→ INPUT MATERIAL:
(* Let $d \geq 0$ be an integer, $G$ a graph, and $\mathcal{Z}$ a family of $d$-clusters in $G$. Then there exists a family $\mathcal{Z}'$ of pairwise disjoint $(2d)$-clusters in $G$ such that $|\mathcal{Z}'| \leq |\mathcal{Z}|$ and $\bigcup \mathcal{Z} = \bigcup \mathcal{Z}'$.
   Context: For an integer $d\ge 0$, a $d$-cluster in a graph $G$ is a nonempty set $A \subseteq V(G)$ such that $G[A]$ is connected and has diameter at most $d$. *)

theory Defs
  imports Main
begin

definition simple_graph :: "'a set \<Rightarrow> 'a set set \<Rightarrow> bool" where
  "simple_graph V E \<longleftrightarrow> finite V \<and> (\<forall>e\<in>E. \<exists>u v. e = {u, v} \<and> u \<noteq> v \<and> u \<in> V \<and> v \<in> V)"

text \<open>A walk in the induced subgraph G[A]: a nonempty list of vertices of A,
  consecutive ones adjacent in G. Its length is the number of edges, length - 1.\<close>
definition walk_in :: "'a set set \<Rightarrow> 'a set \<Rightarrow> 'a list \<Rightarrow> bool" where
  "walk_in E A p \<longleftrightarrow> p \<noteq> [] \<and> set p \<subseteq> A \<and>
     (\<forall>i. Suc i < length p \<longrightarrow> {p ! i, p ! Suc i} \<in> E)"

definition dist_le :: "'a set set \<Rightarrow> 'a set \<Rightarrow> 'a \<Rightarrow> 'a \<Rightarrow> nat \<Rightarrow> bool" where
  "dist_le E A x y k \<longleftrightarrow> (\<exists>p. walk_in E A p \<and> hd p = x \<and> last p = y \<and> length p - 1 \<le> k)"

definition cluster :: "'a set \<Rightarrow> 'a set set \<Rightarrow> nat \<Rightarrow> 'a set \<Rightarrow> bool" where
  "cluster V E d A \<longleftrightarrow> A \<noteq> {} \<and> A \<subseteq> V \<and> (\<forall>x\<in>A. \<forall>y\<in>A. dist_le E A x y d)"

end

theory Submission
  imports Defs "HOL-Library.Product_Lexorder"
begin

text \<open>Pick a centre in every cluster of \<open>Z\<close> and split \<open>U = \<Union>Z\<close> into Voronoi cells
  with respect to the distance of \<open>G[U]\<close>, ties broken by a fixed ranking of the centres.
  Every vertex of \<open>U\<close> lies within distance \<open>d\<close> of the centre of a cluster containing it,
  hence within distance \<open>d\<close> of its own centre. A shortest walk from a centre to a vertex of
  its cell stays inside the cell, because the lexicographic order of (distance, rank) is
  compatible with extending walks. So every cell has radius \<open>d\<close> around its centre and thus
  diameter \<open>2d\<close>; the cells are disjoint, cover \<open>U\<close>, and there are at most \<open>|Z|\<close> of them.\<close>

lemma walk_in_Cons2:
  "walk_in E A (x # y # p) \<longleftrightarrow> x \<in> A \<and> {x, y} \<in> E \<and> walk_in E A (y # p)"
  by (auto simp: walk_in_def less_Suc_eq_0_disj nth_Cons split: nat.splits)

lemma walk_in_mono: "walk_in E A p \<Longrightarrow> A \<subseteq> B \<Longrightarrow> walk_in E B p"
  by (auto simp: walk_in_def)

lemma walk_in_append:
  "walk_in E A p \<Longrightarrow> walk_in E A q \<Longrightarrow> last p = hd q \<Longrightarrow> walk_in E A (p @ tl q)"
proof (induction p rule: induct_list012)
  case 1
  then show ?case by (simp add: walk_in_def)
next
  case (2 x)
  then show ?case by (cases q) (auto simp: walk_in_def)
next
  case (3 x y zs)
  then show ?case by (simp add: walk_in_Cons2)
qed

lemma walk_in_rev: "walk_in E A p \<Longrightarrow> walk_in E A (rev p)"
proof (induction p rule: induct_list012)
  case (3 x y zs)
  then have "walk_in E A (rev (y # zs))"
    by (simp add: walk_in_Cons2)
  moreover have "walk_in E A [y, x]"
    using "3.prems" by (auto simp: walk_in_Cons2 walk_in_def insert_commute)
  ultimately have "walk_in E A (rev (y # zs) @ tl [y, x])"
    by (intro walk_in_append) auto
  then show ?case by simp
qed auto

lemma walk_in_take: "walk_in E A p \<Longrightarrow> walk_in E A (take (Suc j) p)"
  by (auto simp: walk_in_def dest: in_set_takeD)

lemma walk_in_drop: "walk_in E A p \<Longrightarrow> j < length p \<Longrightarrow> walk_in E A (drop j p)"
  by (auto simp: walk_in_def dest: in_set_dropD)

lemma dist_le_mono_set: "dist_le E A x y k \<Longrightarrow> A \<subseteq> B \<Longrightarrow> dist_le E B x y k"
  unfolding dist_le_def using walk_in_mono by blast

lemma dist_le_sym: "dist_le E A x y k \<Longrightarrow> dist_le E A y x k"
  unfolding dist_le_def by (metis walk_in_rev hd_rev last_rev length_rev)

lemma dist_le_trans:
  assumes "dist_le E A x y k" and "dist_le E A y z l"
  shows "dist_le E A x z (k + l)"
proof -
  obtain p q where p: "walk_in E A p" "hd p = x" "last p = y" "length p - 1 \<le> k"
    and q: "walk_in E A q" "hd q = y" "last q = z" "length q - 1 \<le> l"
    using assms unfolding dist_le_def by blast
  have "p \<noteq> []" "q \<noteq> []"
    using p q by (auto simp: walk_in_def)
  moreover have "last (p @ tl q) = z"
    using q \<open>q \<noteq> []\<close> by (cases q) (auto simp: p)
  ultimately show ?thesis
    using p q walk_in_append[of E A p q] unfolding dist_le_def
    by (intro exI[of _ "p @ tl q"]) auto
qed

lemma dist_le_along_walk:
  assumes "walk_in E A p" and "j < length p"
  shows "dist_le E A (hd p) (p ! j) j" and "dist_le E A (p ! j) (last p) (length p - 1 - j)"
proof -
  have "p \<noteq> []" using assms(1) by (simp add: walk_in_def)
  moreover have "last (take (Suc j) p) = p ! j"
    using assms(2) by (simp add: take_Suc_conv_app_nth)
  ultimately show "dist_le E A (hd p) (p ! j) j"
    using walk_in_take[OF assms(1)] unfolding dist_le_def
    by (intro exI[of _ "take (Suc j) p"]) (simp add: hd_take)
  show "dist_le E A (p ! j) (last p) (length p - 1 - j)"
    using assms walk_in_drop[OF assms] unfolding dist_le_def
    by (intro exI[of _ "drop j p"]) (auto simp: hd_drop_conv_nth)
qed

lemma cluster_if_radius:
  assumes "A \<noteq> {}" "A \<subseteq> V" and "\<forall>u\<in>A. dist_le E A c u r"
  shows "cluster V E (2 * r) A"
  unfolding cluster_def
proof (intro conjI ballI)
  fix x y assume "x \<in> A" "y \<in> A"
  then have "dist_le E A x y (r + r)"
    using assms(3) by (blast intro: dist_le_trans dist_le_sym)
  then show "dist_le E A x y (2 * r)"
    by (simp add: mult_2)
qed (use assms in auto)

definition walk_dist :: "'a set set \<Rightarrow> 'a set \<Rightarrow> 'a \<Rightarrow> 'a \<Rightarrow> nat" where
  "walk_dist E A x y = (LEAST k. dist_le E A x y k)"

lemma walk_dist_le: "dist_le E A x y k \<Longrightarrow> walk_dist E A x y \<le> k"
  unfolding walk_dist_def by (rule Least_le)

lemma dist_le_walk_dist: "dist_le E A x y k \<Longrightarrow> dist_le E A x y (walk_dist E A x y)"
  unfolding walk_dist_def by (rule LeastI)

definition voronoi_cell :: "'a set set \<Rightarrow> 'a set \<Rightarrow> 'a set \<Rightarrow> ('a \<Rightarrow> nat) \<Rightarrow> 'a \<Rightarrow> 'a set" where
  "voronoi_cell E U C rank c =
     {u \<in> U. (\<exists>k. dist_le E U c u k) \<and>
            (\<forall>c'\<in>C. (\<exists>k. dist_le E U c' u k) \<longrightarrow>
                     (walk_dist E U c u, rank c) \<le> (walk_dist E U c' u, rank c'))}"

lemma voronoi_cells_disjoint:
  assumes "inj_on rank C" "c \<in> C" "c' \<in> C" "c \<noteq> c'"
  shows "voronoi_cell E U C rank c \<inter> voronoi_cell E U C rank c' = {}"
proof -
  have "rank c \<noteq> rank c'" using assms by (meson inj_onD)
  then show ?thesis
    using assms(2,3) by (fastforce simp: voronoi_cell_def)
qed

lemma voronoi_cells_cover:
  assumes "c \<in> C" and "dist_le E U c u k"
  shows "\<exists>c'\<in>C. u \<in> voronoi_cell E U C rank c'"
proof -
  let ?key = "\<lambda>c. (walk_dist E U c u, rank c)"
  let ?P = "\<lambda>m. \<exists>c\<in>C. (\<exists>k. dist_le E U c u k) \<and> ?key c = m"
  obtain m where "?P m" and least: "\<forall>m'<m. \<not> ?P m'"
    using assms exists_least_iff[of ?P] by blast
  then obtain c' where c': "c' \<in> C" "\<exists>k. dist_le E U c' u k" "?key c' = m"
    by blast
  have "?key c' \<le> ?key c''" if "c'' \<in> C" "dist_le E U c'' u l" for c'' l
  proof -
    have "\<not> ?key c'' < m" using least that by blast
    then show ?thesis by (simp add: c'(3) not_less)
  qed
  moreover have "u \<in> U"
    using assms(2) by (auto simp: dist_le_def walk_in_def)
  ultimately show ?thesis
    using c' unfolding voronoi_cell_def by blast
qed

text \<open>The key step: a shortest walk from \<open>c\<close> to a vertex \<open>u\<close> of its cell lies in the cell,
  since a centre beating \<open>c\<close> at an intermediate vertex \<open>w\<close> would also beat it at \<open>u\<close>.\<close>

lemma voronoi_cell_radius:
  assumes u: "u \<in> voronoi_cell E U C rank c"
    and "a \<in> C" and au: "dist_le E U a u r"
  shows "dist_le E (voronoi_cell E U C rank c) c u r"
proof -
  let ?cell = "voronoi_cell E U C rank c"
  let ?L = "walk_dist E U c u"
  have u_best: "(?L, rank c) \<le> (walk_dist E U c' u, rank c')"
    if "c' \<in> C" "dist_le E U c' u k" for c' k
    using u that unfolding voronoi_cell_def by blast
  obtain k where "dist_le E U c u k"
    using u unfolding voronoi_cell_def by blast
  then have "dist_le E U c u ?L"
    by (rule dist_le_walk_dist)
  then obtain p where p: "walk_in E U p" "hd p = c" "last p = u" "length p - 1 \<le> ?L"
    unfolding dist_le_def by blast
  have "p ! j \<in> ?cell" if j: "j < length p" for j
  proof -
    let ?w = "p ! j" and ?m = "length p - 1 - j"
    have cw: "dist_le E U c ?w j" and wu: "dist_le E U ?w u ?m"
      using dist_le_along_walk[OF p(1) j] p(2,3) by simp_all
    have "(walk_dist E U c ?w, rank c) \<le> (walk_dist E U c' ?w, rank c')"
      if "c' \<in> C" and c'w: "dist_le E U c' ?w k" for c' k
    proof -
      have c'u: "dist_le E U c' u (walk_dist E U c' ?w + ?m)"
        using dist_le_trans[OF dist_le_walk_dist[OF c'w] wu] .
      have "(?L, rank c) \<le> (walk_dist E U c' u, rank c')"
        using u_best[OF \<open>c' \<in> C\<close> c'u] .
      moreover have "walk_dist E U c' u \<le> walk_dist E U c' ?w + ?m"
        using walk_dist_le[OF c'u] .
      moreover have "walk_dist E U c ?w + ?m \<le> ?L"
        using walk_dist_le[OF cw] p(4) j by linarith
      ultimately show ?thesis by auto
    qed
    moreover have "?w \<in> U"
      using p(1) j by (auto simp: walk_in_def)
    ultimately show ?thesis
      using cw unfolding voronoi_cell_def by blast
  qed
  then have "walk_in E ?cell p"
    using p(1) by (auto simp: walk_in_def in_set_conv_nth)
  moreover have "?L \<le> r"
    using u_best[OF \<open>a \<in> C\<close> au] walk_dist_le[OF au] by auto
  ultimately show ?thesis
    using p unfolding dist_le_def by fastforce
qed

lemma voronoi_cell_cluster:
  assumes "voronoi_cell E U C rank c \<noteq> {}" and "U \<subseteq> V"
    and near: "\<forall>u\<in>U. \<exists>a\<in>C. dist_le E U a u r"
  shows "cluster V E (2 * r) (voronoi_cell E U C rank c)"
proof (rule cluster_if_radius)
  show "voronoi_cell E U C rank c \<subseteq> V"
    using assms(2) by (auto simp: voronoi_cell_def)
  show "\<forall>u\<in>voronoi_cell E U C rank c. dist_le E (voronoi_cell E U C rank c) c u r"
  proof
    fix u assume u: "u \<in> voronoi_cell E U C rank c"
    then obtain a where "a \<in> C" "dist_le E U a u r"
      using near by (auto simp: voronoi_cell_def)
    with u show "dist_le E (voronoi_cell E U C rank c) c u r"
      by (rule voronoi_cell_radius)
  qed
qed (rule assms(1))

lemma Union_voronoi_cells:
  assumes "\<forall>u\<in>U. \<exists>a\<in>C. dist_le E U a u r"
  shows "\<Union> (voronoi_cell E U C rank ` C) = U"
proof
  show "\<Union> (voronoi_cell E U C rank ` C) \<subseteq> U"
    by (auto simp: voronoi_cell_def)
  show "U \<subseteq> \<Union> (voronoi_cell E U C rank ` C)"
  proof
    fix u assume "u \<in> U"
    then obtain a where "a \<in> C" "dist_le E U a u r"
      using assms by blast
    then show "u \<in> \<Union> (voronoi_cell E U C rank ` C)"
      using voronoi_cells_cover[of a C E U u r rank] by blast
  qed
qed

lemma voronoi_partition_into_clusters:
  assumes "finite C" and "U \<subseteq> V" and near: "\<forall>u\<in>U. \<exists>a\<in>C. dist_le E U a u r"
  obtains Z' where "\<forall>A\<in>Z'. cluster V E (2 * r) A"
    and "\<forall>A\<in>Z'. \<forall>B\<in>Z'. A \<noteq> B \<longrightarrow> A \<inter> B = {}"
    and "card Z' \<le> card C" and "\<Union> Z' = U"
proof -
  obtain rank :: "'a \<Rightarrow> nat" where rank: "inj_on rank C"
    using finite_imp_inj_to_nat_seg[OF \<open>finite C\<close>] by blast
  let ?Z' = "voronoi_cell E U C rank ` C - {{}}"
  show thesis
  proof
    show "\<forall>A\<in>?Z'. cluster V E (2 * r) A"
      using voronoi_cell_cluster[OF _ \<open>U \<subseteq> V\<close> near] by blast
    show "\<forall>A\<in>?Z'. \<forall>B\<in>?Z'. A \<noteq> B \<longrightarrow> A \<inter> B = {}"
      using voronoi_cells_disjoint[OF rank] by fastforce
    show "card ?Z' \<le> card C"
      using \<open>finite C\<close> by (meson card_Diff1_le card_image_le finite_imageI le_trans)
    show "\<Union> ?Z' = U"
      using Union_voronoi_cells[OF near] by blast
  qed
qed

theorem lemma3p8:
  fixes V :: "'a set" and E :: "'a set set" and d :: nat and Z :: "'a set set"
  assumes "simple_graph V E"
    and "\<forall>A\<in>Z. cluster V E d A"
  shows "\<exists>Z'. (\<forall>A\<in>Z'. cluster V E (2 * d) A)
             \<and> (\<forall>A\<in>Z'. \<forall>B\<in>Z'. A \<noteq> B \<longrightarrow> A \<inter> B = {})
             \<and> card Z' \<le> card Z
             \<and> \<Union> Z = \<Union> Z'"
proof -
  have "Z \<subseteq> Pow V" "finite V"
    using assms by (auto simp: simple_graph_def cluster_def)
  then have "finite Z"
    by (meson finite_Pow_iff finite_subset)
  obtain centre where centre: "\<forall>A\<in>Z. centre A \<in> A"
    using assms(2) bchoice[of Z "\<lambda>A c. c \<in> A"] unfolding cluster_def by blast
  have near: "\<forall>u\<in>\<Union> Z. \<exists>a\<in>centre ` Z. dist_le E (\<Union> Z) a u d"
  proof
    fix u assume "u \<in> \<Union> Z"
    then obtain A where A: "A \<in> Z" "u \<in> A" by blast
    have "dist_le E A (centre A) u d"
      using assms(2) centre A unfolding cluster_def by blast
    then have "dist_le E (\<Union> Z) (centre A) u d"
      by (rule dist_le_mono_set) (use A in blast)
    with A(1) show "\<exists>a\<in>centre ` Z. dist_le E (\<Union> Z) a u d" by blast
  qed
  have "finite (centre ` Z)" "\<Union> Z \<subseteq> V"
    using \<open>finite Z\<close> \<open>Z \<subseteq> Pow V\<close> by auto
  then obtain Z' where "\<forall>A\<in>Z'. cluster V E (2 * d) A"
    and "\<forall>A\<in>Z'. \<forall>B\<in>Z'. A \<noteq> B \<longrightarrow> A \<inter> B = {}"
    and "card Z' \<le> card (centre ` Z)" and "\<Union> Z' = \<Union> Z"
    using near by (rule voronoi_partition_into_clusters)
  moreover have "card (centre ` Z) \<le> card Z"
    using \<open>finite Z\<close> by (rule card_image_le)
  ultimately show ?thesis
    by (intro exI[of _ Z']) auto
qed

end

→ TASK STATEMENT:
Whenever the word "diameter" occurs in a line above, copy that line.

→ ANSWER TO THE EXERCISE:
   Context: For an integer $d\ge 0$, a $d$-cluster in a graph $G$ is a nonempty set $A \subseteq V(G)$ such that $G[A]$ is connected and has diameter at most $d$. *)
  diameter \<open>2d\<close>; the cells are disjoint, cover \<open>U\<close>, and there are at most \<open>|Z|\<close> of them.\<close>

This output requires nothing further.